WORK REQUIRED ▸
Show each line from the records below in which the word "shows" occurs.

[Records drawn from a dataset]
lemma bracket_add_right: "bracket n f (\<lambda>i. g i + h i) = bracket n f g + bracket n f h"
  unfolding bracket_def by (simp add: algebra_simps sum.distrib)

lemma bracket_scale_left: "bracket n (\<lambda>i. c * f i) g = c * bracket n f g"
  unfolding bracket_def by (simp add: algebra_simps sum_distrib_left)

lemma bracket_scale_right: "bracket n f (\<lambda>i. c * g i) = c * bracket n f g"
  unfolding bracket_def by (simp add: algebra_simps sum_distrib_left)

lemma bracket_Suc:
  "bracket (Suc n) f g = bracket n f g - g (Suc n) * sum f {1..n} + f (Suc n) * sum g {1..n}"
proof -
  have "{1..Suc n} = insert (Suc n) {1..n}" by auto
  then show ?thesis
    by (simp add: bracket_def sum.distrib sum_distrib_left sum_distrib_right sum_negf algebra_simps)
qed

lemma bracket_Suc_extend:
  fixes f g f' g' :: "nat \<Rightarrow> real"
  assumes "f (Suc n) = 0" "g (Suc n) = 0" "f' (Suc n) = 0" "g' (Suc n) = 0"
  shows "bracket (Suc n) (\<lambda>i. f i + c * (g i + of_bool (i = Suc n) * e))
                         (\<lambda>i. f' i + c' * (g' i + of_bool (i = Suc n) * e'))
    = bracket n f f' + c' * bracket n f g' + c * bracket n g f' + c * c' * bracket n g g'
      - c' * e' * (sum f {1..n} + c * sum g {1..n}) + c * e * (sum f' {1..n} + c' * sum g' {1..n})"
proof -
  have "bracket n (\<lambda>i. f i + c * (g i + of_bool (i = Suc n) * e))
                  (\<lambda>i. f' i + c' * (g' i + of_bool (i = Suc n) * e'))
      = bracket n (\<lambda>i. f i + c * g i) (\<lambda>i. f' i + c' * g' i)"
    by (rule bracket_cong) auto
  moreover have "(\<Sum>i\<in>{1..n}. f i + c * (g i + of_bool (i = Suc n) * e)) = sum f {1..n} + c * sum g {1..n}"
    by (simp add: sum.distrib sum_distrib_left)
  moreover have "(\<Sum>i\<in>{1..n}. f' i + c' * (g' i + of_bool (i = Suc n) * e')) = sum f' {1..n} + c' * sum g' {1..n}"
    by (simp add: sum.distrib sum_distrib_left)
  ultimately show ?thesis
    using assms by (simp add: bracket_Suc bracket_add_left bracket_add_right bracket_scale_left
        bracket_scale_right algebra_simps)
qed
(* Let $L'$ be a lattice (join $+$, meet $\cdot$, order $\le'$) and let $(L_x)_{x\in S}$ be a family of sublattices of $L'$, each of finite length and carrying the order induced by $L'$, which forms an $S$-glued system. Assume that either $S$ is modular, or $0_x+0_y=0_{x\vee y}$ and $1_x\cdot 1_y=1_{x\wedge y}$ in $L'$ for all $x,y\in S$. Then $\bigcup_{x\in S}L_x$ is a sublattice of $L'$, and the order of the $S$-glued sum of $(L_x)_{x\in S}$ coincides with the restriction of $\le'$ to $\bigcup_{x\in S}L_x$.
   Context: Let $S$ be a lattice of finite length (every chain in $S$ is finite), with order $\le$, join $\vee$ and meet $\wedge$; $x\prec y$ means that $y$ covers $x$. An \emph{$S$-glued system} is a family $(L_x,\le_x)_{x\in S}$ of lattices of finite length (with least element $0_x$, greatest element $1_x$), whose underlying sets may overlap, such that for all $x,y\in S$: (1) if $x\le y$ and $L_x\cap L_y\ne\emptyset$, then $L_x\cap L_y$ is a filter of $L_x$ and an ideal of $L_y$; (2) in the situation of (1), for all $a,b\in L_x\cap L_y$: $a\le_x b$ iff $a\le_y b$; (3) if $x\prec y$ then $L_x\cap L_y\ne\emptyset$; (4) $L_x\cap L_y\subseteq L_{x\wedge y}\cap L_{x\vee y}$. The \emph{$S$-glued sum} of the system is the set $L=\bigcup_{x\in S}L_x$ equipped with the relation defined as the transitive closure of $\bigcup_{x\in S}\le_x$. *)

theory Defs
  imports Main
begin

definition finite_length_on :: "'a::order set \<Rightarrow> bool" where
  "finite_length_on A \<longleftrightarrow>
     (\<forall>C. C \<subseteq> A \<and> (\<forall>a\<in>C. \<forall>b\<in>C. a \<le> b \<or> b \<le> a) \<longrightarrow> finite C)"

definition sublattice :: "'a::lattice set \<Rightarrow> bool" where
  "sublattice A \<longleftrightarrow> A \<noteq> {} \<and> (\<forall>a\<in>A. \<forall>b\<in>A. sup a b \<in> A \<and> inf a b \<in> A)"

definition bot_of :: "'a::order set \<Rightarrow> 'a" where
  "bot_of A = (THE z. z \<in> A \<and> (\<forall>y\<in>A. z \<le> y))"

definition top_of :: "'a::order set \<Rightarrow> 'a" where
  "top_of A = (THE z. z \<in> A \<and> (\<forall>y\<in>A. y \<le> z))"

definition is_filter_in :: "'a::lattice set \<Rightarrow> 'a set \<Rightarrow> bool" where
  "is_filter_in F A \<longleftrightarrow> F \<noteq> {} \<and> F \<subseteq> A \<and>
     (\<forall>a\<in>F. \<forall>b\<in>A. a \<le> b \<longrightarrow> b \<in> F) \<and> (\<forall>a\<in>F. \<forall>b\<in>F. inf a b \<in> F)"

definition is_ideal_in :: "'a::lattice set \<Rightarrow> 'a set \<Rightarrow> bool" where
  "is_ideal_in I A \<longleftrightarrow> I \<noteq> {} \<and> I \<subseteq> A \<and>
     (\<forall>a\<in>I. \<forall>b\<in>A. b \<le> a \<longrightarrow> b \<in> I) \<and> (\<forall>a\<in>I. \<forall>b\<in>I. sup a b \<in> I)"

definition covers :: "'s::order \<Rightarrow> 's \<Rightarrow> bool" where
  "covers x y \<longleftrightarrow> x < y \<and> \<not> (\<exists>z. x < z \<and> z < y)"

definition modular_lattice :: "'s::lattice itself \<Rightarrow> bool" where
  "modular_lattice _ \<longleftrightarrow> (\<forall>a b c::'s. a \<le> c \<longrightarrow> sup a (inf b c) = inf (sup a b) c)"

text \<open>S-glued system of sublattices (L x) of an ambient lattice, each with the induced order
  (so condition (2) holds automatically).\<close>
definition glued_system :: "('s::lattice \<Rightarrow> 'a::lattice set) \<Rightarrow> bool" where
  "glued_system L \<longleftrightarrow>
     (\<forall>x y. x \<le> y \<and> L x \<inter> L y \<noteq> {} \<longrightarrow>
        is_filter_in (L x \<inter> L y) (L x) \<and> is_ideal_in (L x \<inter> L y) (L y)) \<and>
     (\<forall>x y. covers x y \<longrightarrow> L x \<inter> L y \<noteq> {}) \<and>
     (\<forall>x y. L x \<inter> L y \<subseteq> L (inf x y) \<inter> L (sup x y))"

definition glued_order :: "('s \<Rightarrow> 'a::order set) \<Rightarrow> ('a \<times> 'a) set" where
  "glued_order L = {(a, b). \<exists>x. a \<in> L x \<and> b \<in> L x \<and> a \<le> b}\<^sup>+"

end

theory Submission
  imports Defs "HOL-Library.Dual_Ordered_Lattice"
begin

(*
  Write 0_x for the least element of L_x. If x \<prec> t, then L_x \<inter> L_t
  is an ideal of L_t and a filter of L_x, so 0_t \<in> L_x, and a \<mapsto> a + 0_t maps L_x into
  L_x \<inter> L_t by one step of the glued order. Iterating along a maximal chain from x to z \<ge> x
  shows that a + 0_z \<in> L_z and that a is below a + 0_z in the glued order; in particular
  x \<mapsto> 0_x is monotone.

  Now assume 0_(x \<squnion> y) \<le> 0_x + 0_y. For a \<in> L_x, b \<in> L_y and z = x \<squnion> y the join
  a + b = (a + 0_z) + (b + 0_z) lies in L_z, and if a \<le> b then a, a + 0_z, b is a chain in
  the glued order. The assumption holds when S is modular: for two covers x, y of a common
  element it is condition (4) applied to 0_x + 0_y \<in> L_x \<inter> L_y, and the general case reduces
  to this one by induction on x \<sqinter> y, splitting [x \<sqinter> y, x \<squnion> y] into two smaller intervals
  by modularity. Meets are handled by order duality, under which glued systems are self-dual.
*)

section \<open>Lattices of finite length\<close>

lemma finite_length_on_wf_greater:
  assumes "finite_length_on A"
  shows "wf {(a, b). a \<in> A \<and> b \<in> A \<and> b < a}"
  unfolding wf_iff_no_infinite_down_chain
proof
  assume "\<exists>f. \<forall>i. (f (Suc i), f i) \<in> {(a, b). a \<in> A \<and> b \<in> A \<and> b < a}"
  then obtain f where f: "\<And>i. f i \<in> A" "\<And>i. f i < f (Suc i)" by blast
  then have "strict_mono f" by (simp add: strict_mono_Suc_iff)
  then have "inj f" and "\<forall>a\<in>range f. \<forall>b\<in>range f. a \<le> b \<or> b \<le> a"
    by (auto intro: injI simp: strict_mono_eq strict_mono_less_eq nat_le_linear)
  moreover have "range f \<subseteq> A" using f(1) by blast
  ultimately have "finite (range f)" using assms unfolding finite_length_on_def by blast
  with \<open>inj f\<close> show False using finite_imageD by fastforce
qed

REPLY TO THE TASK ▸
  shows "bracket (Suc n) (\<lambda>i. f i + c * (g i + of_bool (i = Suc n) * e))
  shows that a + 0_z \<in> L_z and that a is below a + 0_z in the glued order; in particular
  shows "wf {(a, b). a \<in> A \<and> b \<in> A \<and> b < a}"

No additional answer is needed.